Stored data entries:

definition wf_graph :: "('v,'e) graph \<Rightarrow> bool" where
  "wf_graph G \<longleftrightarrow> finite (verts G) \<and> finite (edges G) \<and>
     (\<forall>e\<in>edges G. src G e \<in> verts G \<and> tgt G e \<in> verts G)"

definition adj :: "('v,'e) graph \<Rightarrow> 'e set \<Rightarrow> 'v \<Rightarrow> 'v \<Rightarrow> bool" where
  "adj G F u w \<longleftrightarrow> (\<exists>e\<in>F. (src G e = u \<and> tgt G e = w) \<or> (src G e = w \<and> tgt G e = u))"

definition vwalk :: "('v,'e) graph \<Rightarrow> 'e set \<Rightarrow> 'v list \<Rightarrow> bool" where
  "vwalk G F xs \<longleftrightarrow> xs \<noteq> [] \<and> successively (adj G F) xs"

definition connected_by :: "('v,'e) graph \<Rightarrow> 'e set \<Rightarrow> bool" where
  "connected_by G F \<longleftrightarrow> (\<forall>u\<in>verts G. \<forall>w\<in>verts G.
      \<exists>xs. vwalk G F xs \<and> hd xs = u \<and> last xs = w)"

definition connected_graph :: "('v,'e) graph \<Rightarrow> bool" where
  "connected_graph G \<longleftrightarrow> connected_by G (edges G)"

definition epath :: "('v,'e) graph \<Rightarrow> 'e set \<Rightarrow> 'v list \<Rightarrow> 'e list \<Rightarrow> bool" where
  "epath G F vs es \<longleftrightarrow> length vs = Suc (length es) \<and>
     (\<forall>i<length es. es!i \<in> F \<and>
        ((src G (es!i) = vs!i \<and> tgt G (es!i) = vs!Suc i) \<or>
         (src G (es!i) = vs!Suc i \<and> tgt G (es!i) = vs!i)))"

text \<open>F has no cycle (closed trail with at least one edge; loops and
  parallel edges are cycles).\<close>
definition acyclic_edges :: "('v,'e) graph \<Rightarrow> 'e set \<Rightarrow> bool" where
  "acyclic_edges G F \<longleftrightarrow> \<not> (\<exists>vs es. epath G F vs es \<and> es \<noteq> [] \<and> distinct es \<and> hd vs = last vs)"

definition spanning_tree :: "('v,'e) graph \<Rightarrow> 'e set \<Rightarrow> bool" where
  "spanning_tree G T \<longleftrightarrow> T \<subseteq> edges G \<and> acyclic_edges G T \<and> connected_by G T"

definition tdegree :: "('v,'e) graph \<Rightarrow> 'e set \<Rightarrow> 'v \<Rightarrow> nat" where
  "tdegree G T v = card {e\<in>T. src G e = v \<or> tgt G e = v}"

text \<open>Directions (half-edges) at v: (e,True) is e at src e, (e,False) is e at tgt e.
  A loop gives two directions.\<close>
definition dirs :: "('v,'e) graph \<Rightarrow> 'v \<Rightarrow> ('e \<times> bool) set" where
  "dirs G v = {(e,b). e \<in> edges G \<and> (if b then src G e else tgt G e) = v}"

definition deg :: "('v,'e) graph \<Rightarrow> 'v \<Rightarrow> nat" where
  "deg G v = card (dirs G v)"

text \<open>the direction of a non-loop edge e at its endpoint v\<close>
definition hdir :: "('v,'e) graph \<Rightarrow> 'e \<Rightarrow> 'v \<Rightarrow> 'e \<times> bool" where
  "hdir G e v = (e, src G e = v)"

definition tgeo :: "('v,'e) graph \<Rightarrow> 'e set \<Rightarrow> 'v \<Rightarrow> 'v \<Rightarrow> 'v list" where
  "tgeo G T a b = (THE xs. vwalk G T xs \<and> distinct xs \<and> hd xs = a \<and> last xs = b)"

definition tedge :: "('v,'e) graph \<Rightarrow> 'e set \<Rightarrow> 'v \<Rightarrow> 'v \<Rightarrow> 'e" where
  "tedge G T a b = (THE e. e \<in> T \<and> ((src G e = a \<and> tgt G e = b) \<or> (src G e = b \<and> tgt G e = a)))"

definition edown :: "('v,'e) graph \<Rightarrow> 'e set \<Rightarrow> 'v \<Rightarrow> 'v \<Rightarrow> 'e" where
  "edown G T s v = tedge G T v (tgeo G T v s ! 1)"

definition gdir :: "('v,'e) graph \<Rightarrow> 'e set \<Rightarrow> ('v \<Rightarrow> 'e \<times> bool \<Rightarrow> nat) \<Rightarrow> 'v \<Rightarrow> 'v \<Rightarrow> nat" where
  "gdir G T lab v1 v2 = (if v1 = v2 then 0
      else lab v1 (hdir G (tedge G T v1 (tgeo G T v1 v2 ! 1)) v1))"
(* Let $\mathcal{T}$ be a triangulated category, let $X$ and $Y$ be indecomposable objects of $\mathcal{T}$, and let $u:X\to Y$ be an irreducible morphism. Then the mapping cone $C_u$ (the third object of a distinguished triangle $X\xrightarrow{u}Y\to C_u\to X[1]$) is indecomposable.
   Context: A morphism is irreducible if it is neither a split monomorphism nor a split epimorphism, and whenever it factors as $hg$, either $g$ is a split monomorphism or $h$ is a split epimorphism. *)

theory Defs
  imports Main
begin

text \<open>A (small-or-large) category presented by a set of objects, hom-sets, composition
  (cmp g f = g after f) and identities; together with the preadditive structure,
  a shift automorphism and a class of distinguished triangles (X,u,Y,v,Z,w)
  meaning X --u--> Y --v--> Z --w--> X[1].\<close>

record ('o, 'm) tricat =
  Obj  :: "'o set"
  hom  :: "'o \<Rightarrow> 'o \<Rightarrow> 'm set"
  cmp  :: "'m \<Rightarrow> 'm \<Rightarrow> 'm"
  idm  :: "'o \<Rightarrow> 'm"
  add  :: "'m \<Rightarrow> 'm \<Rightarrow> 'm"
  neg  :: "'m \<Rightarrow> 'm"
  zer  :: "'o \<Rightarrow> 'o \<Rightarrow> 'm"
  shO  :: "'o \<Rightarrow> 'o"
  shM  :: "'m \<Rightarrow> 'm"
  dist :: "('o \<times> 'm \<times> 'o \<times> 'm \<times> 'o \<times> 'm) set"

definition category :: "('o, 'm, 'x) tricat_scheme \<Rightarrow> bool" where
  "category T \<longleftrightarrow>
     (\<forall>X Y f. f \<in> hom T X Y \<longrightarrow> X \<in> Obj T \<and> Y \<in> Obj T)
   \<and> (\<forall>X Y X' Y' f. f \<in> hom T X Y \<longrightarrow> f \<in> hom T X' Y' \<longrightarrow> X = X' \<and> Y = Y')
   \<and> (\<forall>X Y Z f g. f \<in> hom T X Y \<longrightarrow> g \<in> hom T Y Z \<longrightarrow> cmp T g f \<in> hom T X Z)
   \<and> (\<forall>W X Y Z f g h. f \<in> hom T W X \<longrightarrow> g \<in> hom T X Y \<longrightarrow> h \<in> hom T Y Z \<longrightarrow>
        cmp T h (cmp T g f) = cmp T (cmp T h g) f)
   \<and> (\<forall>X \<in> Obj T. idm T X \<in> hom T X X)
   \<and> (\<forall>X Y f. f \<in> hom T X Y \<longrightarrow> cmp T f (idm T X) = f \<and> cmp T (idm T Y) f = f)"

definition preadditive :: "('o, 'm, 'x) tricat_scheme \<Rightarrow> bool" where
  "preadditive T \<longleftrightarrow> category T
   \<and> (\<forall>X \<in> Obj T. \<forall>Y \<in> Obj T.
        zer T X Y \<in> hom T X Y
      \<and> (\<forall>f \<in> hom T X Y. \<forall>g \<in> hom T X Y. add T f g \<in> hom T X Y)
      \<and> (\<forall>f \<in> hom T X Y. neg T f \<in> hom T X Y)
      \<and> (\<forall>f \<in> hom T X Y. \<forall>g \<in> hom T X Y. \<forall>h \<in> hom T X Y.
            add T (add T f g) h = add T f (add T g h))
      \<and> (\<forall>f \<in> hom T X Y. \<forall>g \<in> hom T X Y. add T f g = add T g f)
      \<and> (\<forall>f \<in> hom T X Y. add T f (zer T X Y) = f)
      \<and> (\<forall>f \<in> hom T X Y. add T f (neg T f) = zer T X Y))
   \<and> (\<forall>X Y Z f g g'. f \<in> hom T X Y \<longrightarrow> g \<in> hom T Y Z \<longrightarrow> g' \<in> hom T Y Z \<longrightarrow>
        cmp T (add T g g') f = add T (cmp T g f) (cmp T g' f))
   \<and> (\<forall>X Y Z f f' g. f \<in> hom T X Y \<longrightarrow> f' \<in> hom T X Y \<longrightarrow> g \<in> hom T Y Z \<longrightarrow>
        cmp T g (add T f f') = add T (cmp T g f) (cmp T g f'))"

definition zero_object :: "('o, 'm, 'x) tricat_scheme \<Rightarrow> 'o \<Rightarrow> bool" where
  "zero_object T Z \<longleftrightarrow> Z \<in> Obj T \<and>
     (\<forall>X \<in> Obj T. (\<exists>!f. f \<in> hom T Z X) \<and> (\<exists>!f. f \<in> hom T X Z))"

definition biproduct :: "('o, 'm, 'x) tricat_scheme \<Rightarrow> 'o \<Rightarrow> 'o \<Rightarrow> 'o \<Rightarrow>
    'm \<Rightarrow> 'm \<Rightarrow> 'm \<Rightarrow> 'm \<Rightarrow> bool" where
  "biproduct T A B P i1 i2 p1 p2 \<longleftrightarrow>
     i1 \<in> hom T A P \<and> i2 \<in> hom T B P \<and> p1 \<in> hom T P A \<and> p2 \<in> hom T P B
   \<and> cmp T p1 i1 = idm T A \<and> cmp T p2 i2 = idm T B
   \<and> cmp T p1 i2 = zer T B A \<and> cmp T p2 i1 = zer T A B
   \<and> add T (cmp T i1 p1) (cmp T i2 p2) = idm T P"

definition additive :: "('o, 'm, 'x) tricat_scheme \<Rightarrow> bool" where
  "additive T \<longleftrightarrow> preadditive T \<and> (\<exists>Z. zero_object T Z)
   \<and> (\<forall>A \<in> Obj T. \<forall>B \<in> Obj T. \<exists>P i1 i2 p1 p2. biproduct T A B P i1 i2 p1 p2)"

definition iso :: "('o, 'm, 'x) tricat_scheme \<Rightarrow> 'o \<Rightarrow> 'o \<Rightarrow> 'm \<Rightarrow> bool" where
  "iso T X Y f \<longleftrightarrow> f \<in> hom T X Y \<and>
     (\<exists>g \<in> hom T Y X. cmp T g f = idm T X \<and> cmp T f g = idm T Y)"

definition shift_automorphism :: "('o, 'm, 'x) tricat_scheme \<Rightarrow> bool" where
  "shift_automorphism T \<longleftrightarrow>
     bij_betw (shO T) (Obj T) (Obj T)
   \<and> (\<forall>X \<in> Obj T. \<forall>Y \<in> Obj T. bij_betw (shM T) (hom T X Y) (hom T (shO T X) (shO T Y)))
   \<and> (\<forall>X Y Z f g. f \<in> hom T X Y \<longrightarrow> g \<in> hom T Y Z \<longrightarrow>
        shM T (cmp T g f) = cmp T (shM T g) (shM T f))
   \<and> (\<forall>X \<in> Obj T. shM T (idm T X) = idm T (shO T X))
   \<and> (\<forall>X Y f g. f \<in> hom T X Y \<longrightarrow> g \<in> hom T X Y \<longrightarrow>
        shM T (add T f g) = add T (shM T f) (shM T g))"

definition triangle :: "('o, 'm, 'x) tricat_scheme \<Rightarrow> 'o \<Rightarrow> 'm \<Rightarrow> 'o \<Rightarrow> 'm \<Rightarrow> 'o \<Rightarrow> 'm \<Rightarrow> bool" where
  "triangle T X u Y v Z w \<longleftrightarrow> u \<in> hom T X Y \<and> v \<in> hom T Y Z \<and> w \<in> hom T Z (shO T X)"

definition tri_morphism :: "('o, 'm, 'x) tricat_scheme \<Rightarrow>
    'o \<Rightarrow> 'm \<Rightarrow> 'o \<Rightarrow> 'm \<Rightarrow> 'o \<Rightarrow> 'm \<Rightarrow>
    'o \<Rightarrow> 'm \<Rightarrow> 'o \<Rightarrow> 'm \<Rightarrow> 'o \<Rightarrow> 'm \<Rightarrow> 'm \<Rightarrow> 'm \<Rightarrow> 'm \<Rightarrow> bool" where
  "tri_morphism T X u Y v Z w X' u' Y' v' Z' w' a b c \<longleftrightarrow>
     a \<in> hom T X X' \<and> b \<in> hom T Y Y' \<and> c \<in> hom T Z Z'
   \<and> cmp T b u = cmp T u' a \<and> cmp T c v = cmp T v' b
   \<and> cmp T (shM T a) w = cmp T w' c"

definition triangulated :: "('o, 'm, 'x) tricat_scheme \<Rightarrow> bool" where
  "triangulated T \<longleftrightarrow> additive T \<and> shift_automorphism T
   \<and> (\<forall>X u Y v Z w. (X, u, Y, v, Z, w) \<in> dist T \<longrightarrow> triangle T X u Y v Z w)
   \<comment> \<open>TR1: closed under isomorphism of triangles\<close>
   \<and> (\<forall>X u Y v Z w X' u' Y' v' Z' w' a b c.
        (X, u, Y, v, Z, w) \<in> dist T \<longrightarrow> triangle T X' u' Y' v' Z' w' \<longrightarrow>
        tri_morphism T X u Y v Z w X' u' Y' v' Z' w' a b c \<longrightarrow>
        iso T X X' a \<longrightarrow> iso T Y Y' b \<longrightarrow> iso T Z Z' c \<longrightarrow>
        (X', u', Y', v', Z', w') \<in> dist T)
   \<comment> \<open>TR1: X --id--> X --> 0 --> X[1] is distinguished\<close>
   \<and> (\<forall>X \<in> Obj T. \<forall>Z. zero_object T Z \<longrightarrow>
        (X, idm T X, X, zer T X Z, Z, zer T Z (shO T X)) \<in> dist T)
   \<comment> \<open>TR1: every morphism extends to a distinguished triangle\<close>
   \<and> (\<forall>X Y u. u \<in> hom T X Y \<longrightarrow> (\<exists>v Z w. (X, u, Y, v, Z, w) \<in> dist T))
   \<comment> \<open>TR2: rotation\<close>
   \<and> (\<forall>X u Y v Z w. (X, u, Y, v, Z, w) \<in> dist T \<longleftrightarrow>
        (Y, v, Z, w, shO T X, neg T (shM T u)) \<in> dist T)
   \<comment> \<open>TR3: completion of morphisms\<close>
   \<and> (\<forall>X u Y v Z w X' u' Y' v' Z' w' a b.
        (X, u, Y, v, Z, w) \<in> dist T \<longrightarrow> (X', u', Y', v', Z', w') \<in> dist T \<longrightarrow>
        a \<in> hom T X X' \<longrightarrow> b \<in> hom T Y Y' \<longrightarrow> cmp T b u = cmp T u' a \<longrightarrow>
        (\<exists>c \<in> hom T Z Z'. cmp T c v = cmp T v' b \<and> cmp T (shM T a) w = cmp T w' c))
   \<comment> \<open>TR4: octahedral axiom\<close>
   \<and> (\<forall>X Y Z u v Z' j k X' l i Y' m n.
        u \<in> hom T X Y \<longrightarrow> v \<in> hom T Y Z \<longrightarrow>
        (X, u, Y, j, Z', k) \<in> dist T \<longrightarrow>
        (Y, v, Z, l, X', i) \<in> dist T \<longrightarrow>
        (X, cmp T v u, Z, m, Y', n) \<in> dist T \<longrightarrow>
        (\<exists>f g. f \<in> hom T Z' Y' \<and> g \<in> hom T Y' X'
           \<and> (Z', f, Y', g, X', cmp T (shM T j) i) \<in> dist T
           \<and> cmp T f j = cmp T m v \<and> cmp T n f = k
           \<and> cmp T g m = l \<and> cmp T i g = cmp T (shM T u) n))"

definition split_mono :: "('o, 'm, 'x) tricat_scheme \<Rightarrow> 'o \<Rightarrow> 'o \<Rightarrow> 'm \<Rightarrow> bool" where
  "split_mono T X Y f \<longleftrightarrow> f \<in> hom T X Y \<and> (\<exists>r \<in> hom T Y X. cmp T r f = idm T X)"

definition split_epi :: "('o, 'm, 'x) tricat_scheme \<Rightarrow> 'o \<Rightarrow> 'o \<Rightarrow> 'm \<Rightarrow> bool" where
  "split_epi T X Y f \<longleftrightarrow> f \<in> hom T X Y \<and> (\<exists>s \<in> hom T Y X. cmp T f s = idm T Y)"

definition irreducible_mor :: "('o, 'm, 'x) tricat_scheme \<Rightarrow> 'o \<Rightarrow> 'o \<Rightarrow> 'm \<Rightarrow> bool" where
  "irreducible_mor T X Y f \<longleftrightarrow> f \<in> hom T X Y
   \<and> \<not> split_mono T X Y f \<and> \<not> split_epi T X Y f
   \<and> (\<forall>Z g h. g \<in> hom T X Z \<longrightarrow> h \<in> hom T Z Y \<longrightarrow> f = cmp T h g \<longrightarrow>
        split_mono T X Z g \<or> split_epi T Z Y h)"

definition indecomposable :: "('o, 'm, 'x) tricat_scheme \<Rightarrow> 'o \<Rightarrow> bool" where
  "indecomposable T X \<longleftrightarrow> X \<in> Obj T \<and> \<not> zero_object T X
   \<and> (\<forall>A B i1 i2 p1 p2. biproduct T A B X i1 i2 p1 p2 \<longrightarrow>
        zero_object T A \<or> zero_object T B)"

end

theory Submission
  imports Defs
begin

text \<open>Suppose the cone \<open>C\<close> of \<open>u\<close> splits as \<open>C\<^sub>1 \<oplus> C\<^sub>2\<close> with both summands nonzero.
  Pulling the triangle back along the inclusion \<open>C\<^sub>1 \<rightarrow> C\<close> factors \<open>u\<close> as
  \<open>X \<rightarrow> Y\<^sub>1 \<rightarrow> Y\<close>, where \<open>X \<rightarrow> Y\<^sub>1 \<rightarrow> C\<^sub>1 \<rightarrow> X[1]\<close> is distinguished with last map
  \<open>w\<close> restricted to \<open>C\<^sub>1\<close>. By irreducibility either \<open>X \<rightarrow> Y\<^sub>1\<close> is a split mono, so
  \<open>w\<close> vanishes on \<open>C\<^sub>1\<close> and \<open>C\<^sub>1\<close> becomes a summand of \<open>Y\<close>, or \<open>Y\<^sub>1 \<rightarrow> Y\<close> is a split epi,
  so the projection onto \<open>C\<^sub>2\<close> kills \<open>Y \<rightarrow> C\<close> and \<open>C\<^sub>2\<close> becomes a summand of \<open>X[1]\<close>.
  In a triangulated category a nonzero split summand of an indecomposable object is all of it,
  and in both cases this forces \<open>u = 0\<close>, which an irreducible morphism between nonzero objects
  cannot be. Similarly \<open>C \<noteq> 0\<close>, since otherwise \<open>u\<close> would be a split epi.\<close>

locale preadditive_cat =
  fixes T :: "('o, 'm, 'x) tricat_scheme"
  assumes preadditive: "preadditive T"
begin

lemma category: "category T"
  using preadditive unfolding preadditive_def by (rule conjunct1)

lemma hom_dom_Obj: "f \<in> hom T X Y \<Longrightarrow> X \<in> Obj T"
  and hom_cod_Obj: "f \<in> hom T X Y \<Longrightarrow> Y \<in> Obj T"
  and cmp_hom: "f \<in> hom T X Y \<Longrightarrow> g \<in> hom T Y Z \<Longrightarrow> cmp T g f \<in> hom T X Z"
  and cmp_assoc: "f \<in> hom T W X \<Longrightarrow> g \<in> hom T X Y \<Longrightarrow> h \<in> hom T Y Z \<Longrightarrow>
      cmp T h (cmp T g f) = cmp T (cmp T h g) f"
  and idm_hom: "X \<in> Obj T \<Longrightarrow> idm T X \<in> hom T X X"
  and cmp_idm_right: "f \<in> hom T X Y \<Longrightarrow> cmp T f (idm T X) = f"
  and cmp_idm_left: "f \<in> hom T X Y \<Longrightarrow> cmp T (idm T Y) f = f"
  using category unfolding category_def by meson+

lemma zer_hom: "X \<in> Obj T \<Longrightarrow> Y \<in> Obj T \<Longrightarrow> zer T X Y \<in> hom T X Y"
  using preadditive unfolding preadditive_def by meson

lemma
  assumes f: "f \<in> hom T X Y" and g: "g \<in> hom T X Y"
  shows add_hom: "add T f g \<in> hom T X Y"
    and hom_add_comm: "add T f g = add T g f"
  using preadditive f g hom_dom_Obj[OF f] hom_cod_Obj[OF f]
  unfolding preadditive_def by meson+

lemma hom_add_assoc:
  assumes f: "f \<in> hom T X Y" and g: "g \<in> hom T X Y" and h: "h \<in> hom T X Y"
  shows "add T (add T f g) h = add T f (add T g h)"
  using preadditive f g h hom_dom_Obj[OF f] hom_cod_Obj[OF f]
  unfolding preadditive_def by meson

lemma
  assumes f: "f \<in> hom T X Y"
  shows neg_hom: "neg T f \<in> hom T X Y"
    and hom_add_zer: "add T f (zer T X Y) = f"
    and hom_add_neg: "add T f (neg T f) = zer T X Y"
  using preadditive f hom_dom_Obj[OF f] hom_cod_Obj[OF f]
  unfolding preadditive_def by meson+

* **Problem to solve**
Return only the part of the records above that opens with the line containing "(X, cmp T v" and closes with the line containing "l \<and> cmp", ends included.

* **Task solution**
        (X, cmp T v u, Z, m, Y', n) \<in> dist T \<longrightarrow>
        (\<exists>f g. f \<in> hom T Z' Y' \<and> g \<in> hom T Y' X'
           \<and> (Z', f, Y', g, X', cmp T (shM T j) i) \<in> dist T
           \<and> cmp T f j = cmp T m v \<and> cmp T n f = k
           \<and> cmp T g m = l \<and> cmp T i g = cmp T (shM T u) n))"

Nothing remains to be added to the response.